Le feuilleton de la nomination d'Ernotte à la tête de France Télévisions continue

En parallèle de cette guerre juridique, la guerre politique continue à faire couler de l'encre dans la presse. Le 26 janvier, sur LCP, Olivier Schrameck redisait haut et fort que le CSA avait agit en toute indépendance au moment de désigner le remplaçant de Rémy Pflimlin. Et le lendemain, invité de Cyril Viguier sur la même chaîne, David Assouline, Sénateur socialiste et Vice-président de la commission de la culture, de l'éducation et de la communication du Sénat, réclamait des auditions publiques des candidats, pour juger certes de manière indépendante, mais aussi de manière transparente. "C'est le fait que ce soit opaque qui crée le doute". Schrameck a dû apprécier. 
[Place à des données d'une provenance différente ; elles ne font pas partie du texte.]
text \<open>Every sequence c has a numeral quot c, a closed term denoting it.  Seq proves each closed
  term equal to the numeral of its value (Seq3, Seq4) and proves distinct numerals distinct
  (Seq1, Seq2), which settles true atomic sentences and their negations.  The remaining cases
  rest on the fact that a sequence has only finitely many prefixes: by induction on c, using
  Seq5 for y and then Seq3, Seq4 and Seq2, Seq proves that x \<circ> y = c implies the
  disjunction of the equations x = a over the prefixes a of c.  A true Sigma-sentence is then
  derived by induction on its number of connectives, instantiating an existential quantifier by
  the numeral of a witness and a bounded quantifier by the numerals of all prefixes.\<close>

lemma substt_liftt [simp]: "substt (liftt k a) b k = a"
  by (induction a) auto

lemma substt_liftt_Suc [simp]:
  "j \<le> k \<Longrightarrow> substt (liftt j a) (liftt j b) (Suc k) = liftt j (substt a b k)"
  by (induction a) auto

lemma closedt_liftt [simp]: "j \<le> k \<Longrightarrow> closedt (Suc k) (liftt j s) = closedt k s"
  by (induction s) auto

lemma liftt_closed [simp]: "closedt k t \<Longrightarrow> liftt k t = t"
  by (induction t) auto

lemma substt_closed [simp]: "closedt k t \<Longrightarrow> substt t u k = t"
  by (induction t) auto

lemma closedt_substt: "closedt (Suc k) s \<Longrightarrow> closedt k u \<Longrightarrow> closedt k (substt s u k)"
  by (induction s) auto

lemma closedt_liftt_Suc: "closedt k u \<Longrightarrow> closedt (Suc k) (liftt j u)"
  by (induction u) auto

lemma closedf_substf: "closedf (Suc k) p \<Longrightarrow> closedt k u \<Longrightarrow> closedf k (substf p u k)"
  by (induction p arbitrary: k u) (auto simp: closedt_substt closedt_liftt_Suc)

lemma substt_Var_Suc: "closedt (Suc k) s \<Longrightarrow> substt s (Var (Suc k)) k = liftt k s"
  by (induction s) auto

lemma substf_Var_Suc: "closedf (Suc k) p \<Longrightarrow> substf p (Var (Suc k)) k = liftf k p"
  by (induction p arbitrary: k) (auto simp: substt_Var_Suc)

lemma substf_sub: "substf (sub s t) u k = sub (substt s u k) (substt t u k)"
  by (simp add: sub_def)

lemma substf_ball: "substf (ball t p) u k = ball (substt t u k) (substf p (liftt 0 u) (Suc k))"
  by (simp add: ball_def sub_def)

lemma closedf_sub [simp]: "closedf k (sub s t) \<longleftrightarrow> closedt k s \<and> closedt k t"
  by (simp add: sub_def)

lemma closedf_ball [simp]: "closedf k (ball t p) \<longleftrightarrow> closedt k t \<and> closedf (Suc k) p"
  by (simp add: ball_def)

lemma sigma_substf: "sigma p \<Longrightarrow> sigma (substf p u k)"
proof (induction arbitrary: u k rule: sigma.induct)
  case (sig_sub s t) then show ?case by (simp only: substf_sub sigma.intros)
next
  case (sig_nsub s t) then show ?case by (simp only: substf.simps substf_sub sigma.intros)
next
  case (sig_ball p t) then show ?case by (simp only: substf_ball sigma.intros)
qed (auto intro: sigma.intros)

fun connectives :: "fm \<Rightarrow> nat" where
  "connectives (Eq s t) = 0"
| "connectives (Neg p) = Suc (connectives p)"
| "connectives (Conj p q) = Suc (connectives p + connectives q)"
| "connectives (Disj p q) = Suc (connectives p + connectives q)"
| "connectives (Imp p q) = Suc (connectives p + connectives q)"
| "connectives (Ex p) = Suc (connectives p)"
| "connectives (All p) = Suc (connectives p)"

lemma connectives_substf [simp]: "connectives (substf p u k) = connectives p"
  by (induction p arbitrary: u k) auto

definition env_insert :: "nat \<Rightarrow> seq \<Rightarrow> (nat \<Rightarrow> seq) \<Rightarrow> nat \<Rightarrow> seq" where
  "env_insert k v env i = (if i < k then env i else if i = k then v else env (i - 1))"

lemma env_insert_0: "env_insert 0 v env = case_nat v env"
  by (rule ext) (auto simp: env_insert_def split: nat.split)

lemma env_insert_Suc: "env_insert (Suc k) v (case_nat x env) = case_nat x (env_insert k v env)"
  by (rule ext) (auto simp: env_insert_def split: nat.split)

lemma evalt_liftt_0 [simp]: "evalt (case_nat x env) (liftt 0 u) = evalt env u"
  by (induction u) auto

lemma evalt_substt: "evalt env (substt s u k) = evalt (env_insert k (evalt env u) env) s"
  by (induction s) (auto simp: env_insert_def)

lemma sat_substf: "sat env (substf p u k) = sat (env_insert k (evalt env u) env) p"
  by (induction p arbitrary: env u k) (auto simp: evalt_substt env_insert_Suc)

lemma sat_sub: "sat env (sub s t) \<longleftrightarrow> (\<exists>y. scat (evalt env s) y = evalt env t)"
  by (simp add: sub_def)

lemma sat_ball:
  "sat env (ball t p) \<longleftrightarrow> (\<forall>x y. scat x y = evalt env t \<longrightarrow> sat (case_nat x env) p)"
  by (auto simp: ball_def sub_def)

lemma nd_mono: "nd G p \<Longrightarrow> set G \<subseteq> set G' \<Longrightarrow> nd G' p"
proof (induction arbitrary: G' rule: nd.induct)
  case (AllI G p) then show ?case by (metis image_mono list.set_map nd.AllI)
next
  case (ExE G p q) then show ?case
    by (metis image_mono list.set_map nd.ExE insert_mono list.simps(15))
next
  case (DisjE G p q r) then show ?case by (metis nd.DisjE insert_mono list.simps(15))
next
  case (NegI p G q) then show ?case by (metis nd.NegI insert_mono list.simps(15))
next
  case (Classical p G q) then show ?case by (metis nd.Classical insert_mono list.simps(15))
next
  case (Subst G s t p) then show ?case by (blast intro: nd.Subst)
qed (auto intro: nd.intros simp: subset_iff)

lemma nd_cut: "nd (q # G) p \<Longrightarrow> nd G q \<Longrightarrow> nd G p"
  by (meson nd.ImpE nd.ImpI)

lemma ExE_Assm: "nd (p # map (liftf 0) G) (liftf 0 q) \<Longrightarrow> Ex p \<in> set G \<Longrightarrow> nd G q"
  by (rule ExE[OF Assm])

abbreviation falsum :: fm where
  "falsum \<equiv> Neg (Eq E E)"

lemma falsum_elim: "nd G falsum \<Longrightarrow> nd G r"
  by (rule NegE[OF Refl])

fun disjs :: "fm list \<Rightarrow> fm" where
  "disjs [] = falsum"
| "disjs (p # ps) = Disj p (disjs ps)"

lemma liftf_disjs [simp]: "liftf k (disjs ps) = disjs (map (liftf k) ps)"
  by (induction ps) auto

lemma disjs_I: "p \<in> set ps \<Longrightarrow> nd G p \<Longrightarrow> nd G (disjs ps)"
  by (induction ps) (auto intro: DisjI1 DisjI2)

lemma disjs_E: "nd G (disjs ps) \<Longrightarrow> (\<And>p. p \<in> set ps \<Longrightarrow> nd (p # G) r) \<Longrightarrow> nd G r"
proof (induction ps arbitrary: G)
  case Nil
  then show ?case by (simp add: falsum_elim)
next
  case (Cons p ps)
  have "nd (disjs ps # G) r"
  proof (rule Cons.IH)
    show "nd (disjs ps # G) (disjs ps)" by (rule Assm) simp
    show "nd (q # disjs ps # G) r" if "q \<in> set ps" for q
      using Cons.prems(2)[of q] that by (auto elim: nd_mono)
  qed
  with Cons.prems show ?case by (auto intro: DisjE)
qed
Ernotte-Bolloré, deux poids, deux mesures

Qu’elle se rassure. Si l’ensemble de la profession tombe à bras raccourcis sur Vincent Bolloré depuis sa reprise en main en juin 2015 de Canal+, chacune de ses décisions faisant l’objet de commentaires à charge dans les médias, Ernotte jouit d’une relative tranquillité. En lui offrant ce job, il semble qu’on lui ait donné blanc-seing pour faire à peu près ce qu’elle veut. C'est un peu le monde à l'envers, si l'on y pense bien, qu'un patron de chaînes privées passe son temps à rendre des comptes, quand la dirigeante d'un groupe public fait ce que bon lui semble avec l'argent du contribuable.

Delphine Ernotte ne jouit cependant pas de la même tranquillité en interne. Son projet de chaîne d’information destinée aux 15-25 ans, s’il peut sembler séduisant sur le papier dans l’optique de rajeunir l’audience de France Télévisions, laisse le staff perplexe. Quel budget, quelles équipes, quelle ligne éditoriale, quelle valeur ajoutée ? Les réponses apportées à ces questions lors du dernier comité d’entreprise n’ont pas satisfait. Les journalistes du groupe ne cachent pas qu’ils les ont trouvées brouillonnes, et craignent la mise en place d’une usine à gaz coûteuse et mal positionnée, alors que France Télévisions est déjà déficitaire. 

Delphine Ernotte est donc allée chercher des alliés extérieurs. D'abord en la personne de Mathieu Gallet... si, si. En effet, Radio France devrait être très engagée sur ce projet de chaîne d'info. Chez Radio France, on se demande maintenant avec quels journalistes participer à cette aventure. Les derniers plans d'économie ont ramené les rédactions à leur plus simple appareil. 

Autre allié, le Président de la République lui-même. L'Express révèle qu'après l'avoir accompagné aux voeux du CESE de manière relativement ostentatoire, elle sera dans l'avion du Président le 22 février pour aller avec lui en Polynésie. Et elle suit de très près la préparation du "face aux Français" spécial dont l'invité sera le chef de l’État.